● TASK TO COMPLETE
With the material below, print exactly the lines between the line holding "T_M t = sum_k" and the line holding "(hermite_poly n) t) t :>", inclusive. Add nothing else.
*** INFORMATION SHOWN
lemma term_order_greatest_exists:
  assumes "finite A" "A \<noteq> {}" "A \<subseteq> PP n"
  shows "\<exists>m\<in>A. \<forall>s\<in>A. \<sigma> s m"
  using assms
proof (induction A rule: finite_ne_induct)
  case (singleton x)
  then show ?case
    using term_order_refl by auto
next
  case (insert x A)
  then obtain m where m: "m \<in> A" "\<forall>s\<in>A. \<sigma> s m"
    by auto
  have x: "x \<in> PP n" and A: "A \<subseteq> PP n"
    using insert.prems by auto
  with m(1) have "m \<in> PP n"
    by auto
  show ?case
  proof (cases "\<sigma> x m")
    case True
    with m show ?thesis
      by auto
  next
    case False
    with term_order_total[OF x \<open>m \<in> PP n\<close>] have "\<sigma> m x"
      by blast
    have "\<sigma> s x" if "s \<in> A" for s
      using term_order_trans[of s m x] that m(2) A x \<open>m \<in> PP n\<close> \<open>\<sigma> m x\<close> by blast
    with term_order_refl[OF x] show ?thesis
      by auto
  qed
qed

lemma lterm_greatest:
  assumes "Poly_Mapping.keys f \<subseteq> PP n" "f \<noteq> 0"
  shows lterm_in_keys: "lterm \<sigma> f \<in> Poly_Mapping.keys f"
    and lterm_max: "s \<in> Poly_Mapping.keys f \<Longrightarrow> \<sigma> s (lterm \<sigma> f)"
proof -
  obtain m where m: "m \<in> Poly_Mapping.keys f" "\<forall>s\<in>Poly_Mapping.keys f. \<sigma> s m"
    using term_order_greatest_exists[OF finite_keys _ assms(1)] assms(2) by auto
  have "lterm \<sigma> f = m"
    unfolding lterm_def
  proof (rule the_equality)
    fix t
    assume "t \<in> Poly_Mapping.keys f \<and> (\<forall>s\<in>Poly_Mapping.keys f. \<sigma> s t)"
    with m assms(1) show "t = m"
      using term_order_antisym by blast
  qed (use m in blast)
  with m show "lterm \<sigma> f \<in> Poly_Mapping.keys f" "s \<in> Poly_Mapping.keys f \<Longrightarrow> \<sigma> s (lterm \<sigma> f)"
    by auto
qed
******
*** INFORMATION SHOWN
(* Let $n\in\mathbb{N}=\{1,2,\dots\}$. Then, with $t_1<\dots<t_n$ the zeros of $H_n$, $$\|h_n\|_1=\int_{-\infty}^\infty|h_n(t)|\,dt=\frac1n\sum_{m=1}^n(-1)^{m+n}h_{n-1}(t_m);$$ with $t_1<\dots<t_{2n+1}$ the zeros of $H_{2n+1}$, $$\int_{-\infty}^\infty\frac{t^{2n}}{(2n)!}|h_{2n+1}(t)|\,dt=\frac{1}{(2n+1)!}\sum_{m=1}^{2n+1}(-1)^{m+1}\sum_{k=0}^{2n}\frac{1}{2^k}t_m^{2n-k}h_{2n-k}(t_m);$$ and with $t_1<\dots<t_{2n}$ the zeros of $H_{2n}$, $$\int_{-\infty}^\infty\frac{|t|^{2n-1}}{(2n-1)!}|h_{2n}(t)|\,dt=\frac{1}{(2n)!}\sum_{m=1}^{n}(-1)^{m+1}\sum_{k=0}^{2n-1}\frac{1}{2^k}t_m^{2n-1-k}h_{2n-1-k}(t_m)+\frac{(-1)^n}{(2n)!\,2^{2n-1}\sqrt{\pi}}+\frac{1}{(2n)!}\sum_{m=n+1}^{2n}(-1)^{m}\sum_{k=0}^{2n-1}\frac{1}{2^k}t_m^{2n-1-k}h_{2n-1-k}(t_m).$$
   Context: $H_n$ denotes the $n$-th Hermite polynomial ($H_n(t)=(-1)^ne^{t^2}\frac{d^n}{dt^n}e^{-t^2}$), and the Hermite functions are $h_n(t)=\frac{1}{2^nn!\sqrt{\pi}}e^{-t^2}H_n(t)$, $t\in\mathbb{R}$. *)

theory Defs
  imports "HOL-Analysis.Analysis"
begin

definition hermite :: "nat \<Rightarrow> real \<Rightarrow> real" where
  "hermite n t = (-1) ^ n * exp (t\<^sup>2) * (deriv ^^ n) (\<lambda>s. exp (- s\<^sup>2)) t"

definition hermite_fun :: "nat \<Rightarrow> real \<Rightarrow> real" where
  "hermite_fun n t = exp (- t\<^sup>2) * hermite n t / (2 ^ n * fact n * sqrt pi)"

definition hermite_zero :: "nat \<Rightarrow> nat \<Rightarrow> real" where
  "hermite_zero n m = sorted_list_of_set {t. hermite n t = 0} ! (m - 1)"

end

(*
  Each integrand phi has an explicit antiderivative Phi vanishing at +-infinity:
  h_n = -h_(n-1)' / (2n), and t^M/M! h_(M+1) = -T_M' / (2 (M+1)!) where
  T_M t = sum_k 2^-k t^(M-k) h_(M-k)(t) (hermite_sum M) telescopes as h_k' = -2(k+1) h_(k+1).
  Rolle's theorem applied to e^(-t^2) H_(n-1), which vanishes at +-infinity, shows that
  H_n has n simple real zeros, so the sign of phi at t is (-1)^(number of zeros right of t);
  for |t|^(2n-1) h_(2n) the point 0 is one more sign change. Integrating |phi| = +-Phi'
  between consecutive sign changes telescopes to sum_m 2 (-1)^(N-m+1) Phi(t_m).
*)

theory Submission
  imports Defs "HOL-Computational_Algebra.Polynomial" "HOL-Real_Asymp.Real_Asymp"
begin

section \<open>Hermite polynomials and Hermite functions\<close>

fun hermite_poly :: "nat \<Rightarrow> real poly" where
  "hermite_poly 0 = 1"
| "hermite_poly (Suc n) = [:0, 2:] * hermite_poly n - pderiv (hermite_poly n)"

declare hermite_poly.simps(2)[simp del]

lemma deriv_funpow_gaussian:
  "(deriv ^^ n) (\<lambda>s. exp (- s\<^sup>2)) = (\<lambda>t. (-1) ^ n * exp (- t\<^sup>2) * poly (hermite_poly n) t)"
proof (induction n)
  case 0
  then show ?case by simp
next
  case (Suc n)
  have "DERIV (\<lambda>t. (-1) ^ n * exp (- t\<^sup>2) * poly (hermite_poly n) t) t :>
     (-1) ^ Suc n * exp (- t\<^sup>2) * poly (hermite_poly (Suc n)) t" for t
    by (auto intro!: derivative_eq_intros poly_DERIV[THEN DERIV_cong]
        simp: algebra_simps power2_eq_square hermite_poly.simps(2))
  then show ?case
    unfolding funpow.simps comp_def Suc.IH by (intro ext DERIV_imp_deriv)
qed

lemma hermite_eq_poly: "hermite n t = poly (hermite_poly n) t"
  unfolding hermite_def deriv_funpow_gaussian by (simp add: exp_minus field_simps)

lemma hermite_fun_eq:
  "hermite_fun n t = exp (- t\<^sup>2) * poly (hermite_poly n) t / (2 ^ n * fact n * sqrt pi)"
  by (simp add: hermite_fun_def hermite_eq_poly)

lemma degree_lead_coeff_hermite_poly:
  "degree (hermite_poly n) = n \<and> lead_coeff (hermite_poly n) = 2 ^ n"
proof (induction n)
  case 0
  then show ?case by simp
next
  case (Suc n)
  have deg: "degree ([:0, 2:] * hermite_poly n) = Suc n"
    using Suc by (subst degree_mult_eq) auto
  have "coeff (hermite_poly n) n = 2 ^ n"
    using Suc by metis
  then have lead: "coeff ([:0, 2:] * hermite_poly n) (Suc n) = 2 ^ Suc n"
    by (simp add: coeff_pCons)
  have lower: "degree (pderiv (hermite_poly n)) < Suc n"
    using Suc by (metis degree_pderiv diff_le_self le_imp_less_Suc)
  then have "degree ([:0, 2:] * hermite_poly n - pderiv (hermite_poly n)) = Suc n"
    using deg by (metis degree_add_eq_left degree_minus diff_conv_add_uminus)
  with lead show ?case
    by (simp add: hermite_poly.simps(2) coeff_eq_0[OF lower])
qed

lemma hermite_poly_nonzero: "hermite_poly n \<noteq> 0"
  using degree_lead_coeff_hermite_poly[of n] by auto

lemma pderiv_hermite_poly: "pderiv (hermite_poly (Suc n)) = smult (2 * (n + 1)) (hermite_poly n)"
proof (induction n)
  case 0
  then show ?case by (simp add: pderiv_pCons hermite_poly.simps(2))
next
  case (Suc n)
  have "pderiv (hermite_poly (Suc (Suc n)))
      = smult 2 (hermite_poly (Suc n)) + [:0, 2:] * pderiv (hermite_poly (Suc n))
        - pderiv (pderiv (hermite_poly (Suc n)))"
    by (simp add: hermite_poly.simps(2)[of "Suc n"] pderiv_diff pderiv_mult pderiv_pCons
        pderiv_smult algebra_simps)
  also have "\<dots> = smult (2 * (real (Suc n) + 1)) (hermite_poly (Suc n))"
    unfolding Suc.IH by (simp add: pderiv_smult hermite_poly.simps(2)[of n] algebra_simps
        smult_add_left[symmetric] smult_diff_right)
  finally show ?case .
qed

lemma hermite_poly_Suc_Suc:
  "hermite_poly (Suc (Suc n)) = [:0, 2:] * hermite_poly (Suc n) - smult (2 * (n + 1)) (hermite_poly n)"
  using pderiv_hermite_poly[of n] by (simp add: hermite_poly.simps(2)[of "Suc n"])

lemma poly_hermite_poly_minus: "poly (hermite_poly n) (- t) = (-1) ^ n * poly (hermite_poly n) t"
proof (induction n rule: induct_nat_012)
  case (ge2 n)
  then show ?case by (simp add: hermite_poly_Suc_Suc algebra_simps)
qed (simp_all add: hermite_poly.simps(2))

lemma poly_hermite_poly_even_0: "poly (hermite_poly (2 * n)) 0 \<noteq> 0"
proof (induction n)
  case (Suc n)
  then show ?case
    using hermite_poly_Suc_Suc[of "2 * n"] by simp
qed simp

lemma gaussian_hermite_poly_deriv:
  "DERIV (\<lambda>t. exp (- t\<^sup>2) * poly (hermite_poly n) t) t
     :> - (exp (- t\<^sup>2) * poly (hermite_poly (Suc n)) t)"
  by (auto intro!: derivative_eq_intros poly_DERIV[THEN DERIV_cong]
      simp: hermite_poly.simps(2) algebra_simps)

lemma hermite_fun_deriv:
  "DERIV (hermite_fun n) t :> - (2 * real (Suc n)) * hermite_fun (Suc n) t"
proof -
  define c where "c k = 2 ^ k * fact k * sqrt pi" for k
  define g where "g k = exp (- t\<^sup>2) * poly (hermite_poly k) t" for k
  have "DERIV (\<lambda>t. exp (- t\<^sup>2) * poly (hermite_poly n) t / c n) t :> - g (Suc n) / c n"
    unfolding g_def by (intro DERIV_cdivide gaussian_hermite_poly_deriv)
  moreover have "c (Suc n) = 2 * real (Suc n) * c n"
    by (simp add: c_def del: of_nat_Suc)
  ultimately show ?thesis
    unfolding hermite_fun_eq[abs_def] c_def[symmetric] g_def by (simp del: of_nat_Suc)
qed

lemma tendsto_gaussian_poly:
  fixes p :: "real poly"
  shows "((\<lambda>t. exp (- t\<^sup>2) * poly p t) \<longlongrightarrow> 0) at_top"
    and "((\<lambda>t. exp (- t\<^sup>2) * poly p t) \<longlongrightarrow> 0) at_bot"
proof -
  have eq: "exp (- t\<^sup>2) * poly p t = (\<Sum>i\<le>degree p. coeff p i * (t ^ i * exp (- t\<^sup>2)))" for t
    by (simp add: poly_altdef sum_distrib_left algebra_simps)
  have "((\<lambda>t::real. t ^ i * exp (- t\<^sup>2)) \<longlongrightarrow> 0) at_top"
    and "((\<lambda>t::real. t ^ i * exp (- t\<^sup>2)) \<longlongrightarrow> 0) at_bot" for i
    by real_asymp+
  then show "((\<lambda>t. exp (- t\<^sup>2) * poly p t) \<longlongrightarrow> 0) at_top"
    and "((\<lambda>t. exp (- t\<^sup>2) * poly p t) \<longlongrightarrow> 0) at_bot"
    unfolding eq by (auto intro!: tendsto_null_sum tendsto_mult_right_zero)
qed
******
*** INFORMATION SHOWN
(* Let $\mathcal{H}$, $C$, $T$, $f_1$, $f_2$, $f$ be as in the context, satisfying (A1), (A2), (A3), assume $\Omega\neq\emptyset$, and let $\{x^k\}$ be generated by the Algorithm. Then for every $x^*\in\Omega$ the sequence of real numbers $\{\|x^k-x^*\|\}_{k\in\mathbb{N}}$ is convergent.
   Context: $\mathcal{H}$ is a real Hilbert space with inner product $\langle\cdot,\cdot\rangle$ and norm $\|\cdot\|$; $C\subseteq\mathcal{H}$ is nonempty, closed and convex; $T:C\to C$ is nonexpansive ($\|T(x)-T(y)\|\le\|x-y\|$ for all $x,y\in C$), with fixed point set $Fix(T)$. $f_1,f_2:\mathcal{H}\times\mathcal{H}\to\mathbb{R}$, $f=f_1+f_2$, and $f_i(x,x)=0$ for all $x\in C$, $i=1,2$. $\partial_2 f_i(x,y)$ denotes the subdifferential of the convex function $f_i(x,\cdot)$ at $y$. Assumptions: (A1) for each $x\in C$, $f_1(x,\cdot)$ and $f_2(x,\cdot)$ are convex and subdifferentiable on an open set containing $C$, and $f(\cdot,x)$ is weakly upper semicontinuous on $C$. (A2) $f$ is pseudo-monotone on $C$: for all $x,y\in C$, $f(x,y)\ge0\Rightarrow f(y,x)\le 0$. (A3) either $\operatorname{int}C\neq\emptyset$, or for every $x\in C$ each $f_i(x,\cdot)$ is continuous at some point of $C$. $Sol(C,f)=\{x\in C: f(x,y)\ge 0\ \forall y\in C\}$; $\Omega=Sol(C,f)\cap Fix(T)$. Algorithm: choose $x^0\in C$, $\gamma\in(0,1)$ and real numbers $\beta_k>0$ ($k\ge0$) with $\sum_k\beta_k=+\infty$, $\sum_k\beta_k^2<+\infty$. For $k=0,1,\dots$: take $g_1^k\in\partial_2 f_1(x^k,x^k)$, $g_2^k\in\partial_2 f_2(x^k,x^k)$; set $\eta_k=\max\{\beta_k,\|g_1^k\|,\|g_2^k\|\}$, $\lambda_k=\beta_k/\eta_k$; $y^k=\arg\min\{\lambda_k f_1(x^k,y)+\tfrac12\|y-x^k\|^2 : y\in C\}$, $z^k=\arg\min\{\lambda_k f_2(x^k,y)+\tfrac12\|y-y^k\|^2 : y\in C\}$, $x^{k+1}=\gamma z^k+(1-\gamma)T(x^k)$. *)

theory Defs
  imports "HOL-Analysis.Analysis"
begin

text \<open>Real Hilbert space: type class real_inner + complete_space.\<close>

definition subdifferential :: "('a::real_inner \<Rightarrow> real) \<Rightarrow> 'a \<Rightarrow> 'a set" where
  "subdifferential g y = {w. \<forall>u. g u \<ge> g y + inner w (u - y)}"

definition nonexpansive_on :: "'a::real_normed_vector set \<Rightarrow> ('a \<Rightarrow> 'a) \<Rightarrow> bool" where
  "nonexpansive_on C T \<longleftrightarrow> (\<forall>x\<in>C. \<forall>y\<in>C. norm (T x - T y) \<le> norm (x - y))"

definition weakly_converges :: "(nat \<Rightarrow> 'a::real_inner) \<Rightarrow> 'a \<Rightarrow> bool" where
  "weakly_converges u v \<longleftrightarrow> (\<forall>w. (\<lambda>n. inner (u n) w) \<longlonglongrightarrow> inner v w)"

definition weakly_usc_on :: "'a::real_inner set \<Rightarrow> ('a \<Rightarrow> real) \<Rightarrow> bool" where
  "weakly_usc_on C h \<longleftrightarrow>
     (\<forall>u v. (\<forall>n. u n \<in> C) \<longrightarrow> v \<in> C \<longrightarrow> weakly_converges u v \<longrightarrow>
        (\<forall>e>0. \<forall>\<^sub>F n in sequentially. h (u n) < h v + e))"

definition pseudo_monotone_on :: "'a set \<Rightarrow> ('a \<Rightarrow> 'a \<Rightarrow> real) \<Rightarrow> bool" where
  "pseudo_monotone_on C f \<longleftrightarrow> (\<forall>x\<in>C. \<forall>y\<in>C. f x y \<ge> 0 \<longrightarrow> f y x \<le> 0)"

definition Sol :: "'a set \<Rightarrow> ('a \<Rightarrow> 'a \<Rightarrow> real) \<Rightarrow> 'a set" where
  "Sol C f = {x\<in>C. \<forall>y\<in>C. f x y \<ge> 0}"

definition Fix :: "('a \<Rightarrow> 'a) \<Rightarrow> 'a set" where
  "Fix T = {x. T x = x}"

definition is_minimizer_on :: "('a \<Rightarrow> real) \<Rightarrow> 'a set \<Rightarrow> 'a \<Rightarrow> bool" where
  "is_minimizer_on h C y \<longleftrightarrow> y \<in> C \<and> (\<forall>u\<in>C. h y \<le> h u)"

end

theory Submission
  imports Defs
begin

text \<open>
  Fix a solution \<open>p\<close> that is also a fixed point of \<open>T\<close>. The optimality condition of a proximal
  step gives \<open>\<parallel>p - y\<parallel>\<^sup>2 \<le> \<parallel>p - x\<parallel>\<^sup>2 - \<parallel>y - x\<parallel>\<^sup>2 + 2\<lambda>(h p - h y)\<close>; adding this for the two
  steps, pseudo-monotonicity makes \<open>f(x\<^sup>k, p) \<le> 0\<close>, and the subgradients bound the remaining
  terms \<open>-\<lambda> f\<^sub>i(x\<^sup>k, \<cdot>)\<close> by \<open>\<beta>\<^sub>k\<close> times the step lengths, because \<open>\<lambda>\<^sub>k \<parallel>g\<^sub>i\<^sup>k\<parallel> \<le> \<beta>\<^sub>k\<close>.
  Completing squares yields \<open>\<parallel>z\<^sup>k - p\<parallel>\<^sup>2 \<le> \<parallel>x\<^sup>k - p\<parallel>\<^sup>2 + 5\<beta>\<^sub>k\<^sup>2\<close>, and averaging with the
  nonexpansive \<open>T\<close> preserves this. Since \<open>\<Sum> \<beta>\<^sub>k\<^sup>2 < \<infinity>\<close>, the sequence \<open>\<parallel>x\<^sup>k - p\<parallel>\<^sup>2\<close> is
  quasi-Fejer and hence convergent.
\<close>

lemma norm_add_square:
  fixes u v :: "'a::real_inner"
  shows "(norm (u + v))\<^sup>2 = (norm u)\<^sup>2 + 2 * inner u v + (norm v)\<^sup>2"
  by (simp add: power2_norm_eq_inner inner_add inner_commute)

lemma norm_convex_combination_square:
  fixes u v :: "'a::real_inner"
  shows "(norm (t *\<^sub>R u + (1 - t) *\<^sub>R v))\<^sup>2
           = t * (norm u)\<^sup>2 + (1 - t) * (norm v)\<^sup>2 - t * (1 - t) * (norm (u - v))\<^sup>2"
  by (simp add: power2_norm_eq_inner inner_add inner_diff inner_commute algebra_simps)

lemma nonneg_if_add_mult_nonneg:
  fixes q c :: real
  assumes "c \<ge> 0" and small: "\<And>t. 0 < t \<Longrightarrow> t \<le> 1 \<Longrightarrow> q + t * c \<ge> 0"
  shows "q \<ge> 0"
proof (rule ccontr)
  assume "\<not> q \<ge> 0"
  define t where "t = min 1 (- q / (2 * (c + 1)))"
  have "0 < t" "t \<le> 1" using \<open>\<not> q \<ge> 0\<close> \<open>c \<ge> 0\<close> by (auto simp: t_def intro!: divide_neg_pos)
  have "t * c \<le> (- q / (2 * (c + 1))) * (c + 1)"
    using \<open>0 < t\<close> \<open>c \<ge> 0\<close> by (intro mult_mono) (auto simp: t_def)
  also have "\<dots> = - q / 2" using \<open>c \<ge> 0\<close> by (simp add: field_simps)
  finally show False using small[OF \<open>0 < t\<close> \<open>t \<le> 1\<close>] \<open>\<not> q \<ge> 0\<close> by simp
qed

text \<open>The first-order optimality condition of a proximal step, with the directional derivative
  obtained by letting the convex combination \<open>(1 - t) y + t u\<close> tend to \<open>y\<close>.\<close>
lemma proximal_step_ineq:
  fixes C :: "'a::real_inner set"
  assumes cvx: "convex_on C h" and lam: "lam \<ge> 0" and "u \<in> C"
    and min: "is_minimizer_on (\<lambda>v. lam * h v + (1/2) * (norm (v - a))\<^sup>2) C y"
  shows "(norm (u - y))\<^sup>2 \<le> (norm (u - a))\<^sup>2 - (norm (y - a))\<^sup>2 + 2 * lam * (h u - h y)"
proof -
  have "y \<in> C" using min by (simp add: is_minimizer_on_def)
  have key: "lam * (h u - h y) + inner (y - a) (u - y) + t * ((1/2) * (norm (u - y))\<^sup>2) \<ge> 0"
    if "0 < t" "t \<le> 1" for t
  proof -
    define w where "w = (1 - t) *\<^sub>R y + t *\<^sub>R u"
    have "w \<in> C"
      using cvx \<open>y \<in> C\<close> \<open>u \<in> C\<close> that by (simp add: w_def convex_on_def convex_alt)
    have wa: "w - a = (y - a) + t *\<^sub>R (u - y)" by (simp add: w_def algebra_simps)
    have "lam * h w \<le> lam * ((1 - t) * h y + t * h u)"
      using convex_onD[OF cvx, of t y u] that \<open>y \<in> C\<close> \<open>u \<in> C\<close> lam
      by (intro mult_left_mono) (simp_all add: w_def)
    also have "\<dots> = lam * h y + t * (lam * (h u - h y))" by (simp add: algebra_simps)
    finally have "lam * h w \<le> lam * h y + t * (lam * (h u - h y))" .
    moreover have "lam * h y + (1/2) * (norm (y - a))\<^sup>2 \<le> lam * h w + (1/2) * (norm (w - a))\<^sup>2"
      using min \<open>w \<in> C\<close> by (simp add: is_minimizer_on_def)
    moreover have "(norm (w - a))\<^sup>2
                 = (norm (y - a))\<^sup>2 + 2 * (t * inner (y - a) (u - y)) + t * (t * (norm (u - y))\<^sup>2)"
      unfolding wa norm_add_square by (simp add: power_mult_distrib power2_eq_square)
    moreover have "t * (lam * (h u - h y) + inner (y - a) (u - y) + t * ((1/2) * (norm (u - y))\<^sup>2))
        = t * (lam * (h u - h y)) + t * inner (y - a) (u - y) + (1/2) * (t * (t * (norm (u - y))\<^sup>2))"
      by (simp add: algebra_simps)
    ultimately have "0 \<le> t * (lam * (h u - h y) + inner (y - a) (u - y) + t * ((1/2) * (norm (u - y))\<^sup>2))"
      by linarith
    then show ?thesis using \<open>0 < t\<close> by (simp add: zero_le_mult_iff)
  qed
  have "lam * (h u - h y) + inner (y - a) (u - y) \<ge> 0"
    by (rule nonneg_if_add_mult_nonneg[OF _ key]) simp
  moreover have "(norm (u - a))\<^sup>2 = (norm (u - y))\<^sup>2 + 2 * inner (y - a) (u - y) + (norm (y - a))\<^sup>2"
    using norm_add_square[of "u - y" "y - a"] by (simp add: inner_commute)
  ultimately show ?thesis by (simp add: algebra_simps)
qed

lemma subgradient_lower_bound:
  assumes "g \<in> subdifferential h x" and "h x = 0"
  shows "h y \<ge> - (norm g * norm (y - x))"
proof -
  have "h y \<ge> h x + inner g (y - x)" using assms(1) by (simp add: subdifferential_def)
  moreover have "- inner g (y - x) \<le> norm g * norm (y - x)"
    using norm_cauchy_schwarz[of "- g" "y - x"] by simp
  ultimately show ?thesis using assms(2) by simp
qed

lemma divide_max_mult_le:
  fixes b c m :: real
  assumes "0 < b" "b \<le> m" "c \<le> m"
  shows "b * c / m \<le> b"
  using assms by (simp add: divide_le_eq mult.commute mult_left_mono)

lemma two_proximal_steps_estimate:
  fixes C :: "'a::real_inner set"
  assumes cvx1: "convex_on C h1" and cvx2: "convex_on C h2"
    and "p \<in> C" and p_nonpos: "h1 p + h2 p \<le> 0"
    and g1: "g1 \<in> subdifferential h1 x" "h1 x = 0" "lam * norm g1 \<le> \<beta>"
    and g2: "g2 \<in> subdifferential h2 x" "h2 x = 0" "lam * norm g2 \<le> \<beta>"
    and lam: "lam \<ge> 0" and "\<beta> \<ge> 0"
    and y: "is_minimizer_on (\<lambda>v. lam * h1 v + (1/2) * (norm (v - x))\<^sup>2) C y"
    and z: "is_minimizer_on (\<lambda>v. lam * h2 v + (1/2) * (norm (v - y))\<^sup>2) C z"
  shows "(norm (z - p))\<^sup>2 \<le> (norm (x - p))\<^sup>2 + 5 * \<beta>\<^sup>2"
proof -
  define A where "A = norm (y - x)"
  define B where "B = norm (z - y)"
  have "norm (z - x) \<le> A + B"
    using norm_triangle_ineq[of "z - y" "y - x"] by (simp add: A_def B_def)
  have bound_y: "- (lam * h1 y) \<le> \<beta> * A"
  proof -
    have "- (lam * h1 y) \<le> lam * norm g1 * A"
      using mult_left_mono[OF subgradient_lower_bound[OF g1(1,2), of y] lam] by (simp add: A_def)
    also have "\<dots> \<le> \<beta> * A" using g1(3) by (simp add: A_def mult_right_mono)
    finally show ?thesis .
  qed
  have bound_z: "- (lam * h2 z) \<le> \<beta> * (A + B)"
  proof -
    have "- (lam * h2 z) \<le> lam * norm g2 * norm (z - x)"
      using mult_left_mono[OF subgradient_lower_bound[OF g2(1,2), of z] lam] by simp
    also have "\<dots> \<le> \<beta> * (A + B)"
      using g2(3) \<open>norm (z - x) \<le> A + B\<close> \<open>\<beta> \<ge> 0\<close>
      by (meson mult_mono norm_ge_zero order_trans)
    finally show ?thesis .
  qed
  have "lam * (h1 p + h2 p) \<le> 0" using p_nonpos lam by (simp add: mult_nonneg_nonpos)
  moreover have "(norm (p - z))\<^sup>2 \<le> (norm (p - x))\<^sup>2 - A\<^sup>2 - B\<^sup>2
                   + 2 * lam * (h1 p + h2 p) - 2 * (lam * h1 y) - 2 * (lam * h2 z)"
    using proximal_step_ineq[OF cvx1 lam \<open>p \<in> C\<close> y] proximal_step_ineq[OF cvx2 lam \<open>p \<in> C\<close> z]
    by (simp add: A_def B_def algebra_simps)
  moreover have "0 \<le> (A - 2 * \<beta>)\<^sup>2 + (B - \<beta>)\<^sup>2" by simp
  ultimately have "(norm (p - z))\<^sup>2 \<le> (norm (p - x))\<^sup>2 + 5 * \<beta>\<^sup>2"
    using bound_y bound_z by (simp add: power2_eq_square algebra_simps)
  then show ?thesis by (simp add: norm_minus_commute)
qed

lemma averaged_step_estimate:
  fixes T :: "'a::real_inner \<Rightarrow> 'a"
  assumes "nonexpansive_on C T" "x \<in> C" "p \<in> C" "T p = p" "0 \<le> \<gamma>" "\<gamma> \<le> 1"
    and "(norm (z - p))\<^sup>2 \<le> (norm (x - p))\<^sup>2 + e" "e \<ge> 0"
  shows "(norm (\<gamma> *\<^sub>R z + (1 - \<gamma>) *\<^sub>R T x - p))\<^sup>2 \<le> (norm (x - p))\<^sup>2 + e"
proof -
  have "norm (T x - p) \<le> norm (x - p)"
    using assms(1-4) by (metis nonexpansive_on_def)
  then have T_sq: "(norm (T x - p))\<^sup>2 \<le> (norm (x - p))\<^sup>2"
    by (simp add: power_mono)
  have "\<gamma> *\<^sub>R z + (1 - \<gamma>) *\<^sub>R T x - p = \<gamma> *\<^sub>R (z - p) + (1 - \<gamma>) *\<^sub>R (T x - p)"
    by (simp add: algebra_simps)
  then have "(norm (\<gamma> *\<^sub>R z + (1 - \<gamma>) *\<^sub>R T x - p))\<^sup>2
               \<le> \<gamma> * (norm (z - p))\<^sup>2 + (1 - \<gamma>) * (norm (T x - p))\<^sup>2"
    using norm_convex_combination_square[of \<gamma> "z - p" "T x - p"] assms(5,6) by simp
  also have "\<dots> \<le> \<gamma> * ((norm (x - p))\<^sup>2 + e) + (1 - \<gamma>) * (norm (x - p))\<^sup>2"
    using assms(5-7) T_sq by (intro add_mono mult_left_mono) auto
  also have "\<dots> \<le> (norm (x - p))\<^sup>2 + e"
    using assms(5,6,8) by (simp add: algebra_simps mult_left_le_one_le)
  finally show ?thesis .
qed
******
● SOLUTION
  T_M t = sum_k 2^-k t^(M-k) h_(M-k)(t) (hermite_sum M) telescopes as h_k' = -2(k+1) h_(k+1).
  Rolle's theorem applied to e^(-t^2) H_(n-1), which vanishes at +-infinity, shows that
  H_n has n simple real zeros, so the sign of phi at t is (-1)^(number of zeros right of t);
  for |t|^(2n-1) h_(2n) the point 0 is one more sign change. Integrating |phi| = +-Phi'
  between consecutive sign changes telescopes to sum_m 2 (-1)^(N-m+1) Phi(t_m).
*)

theory Submission
  imports Defs "HOL-Computational_Algebra.Polynomial" "HOL-Real_Asymp.Real_Asymp"
begin

section \<open>Hermite polynomials and Hermite functions\<close>

fun hermite_poly :: "nat \<Rightarrow> real poly" where
  "hermite_poly 0 = 1"
| "hermite_poly (Suc n) = [:0, 2:] * hermite_poly n - pderiv (hermite_poly n)"

declare hermite_poly.simps(2)[simp del]

lemma deriv_funpow_gaussian:
  "(deriv ^^ n) (\<lambda>s. exp (- s\<^sup>2)) = (\<lambda>t. (-1) ^ n * exp (- t\<^sup>2) * poly (hermite_poly n) t)"
proof (induction n)
  case 0
  then show ?case by simp
next
  case (Suc n)
  have "DERIV (\<lambda>t. (-1) ^ n * exp (- t\<^sup>2) * poly (hermite_poly n) t) t :>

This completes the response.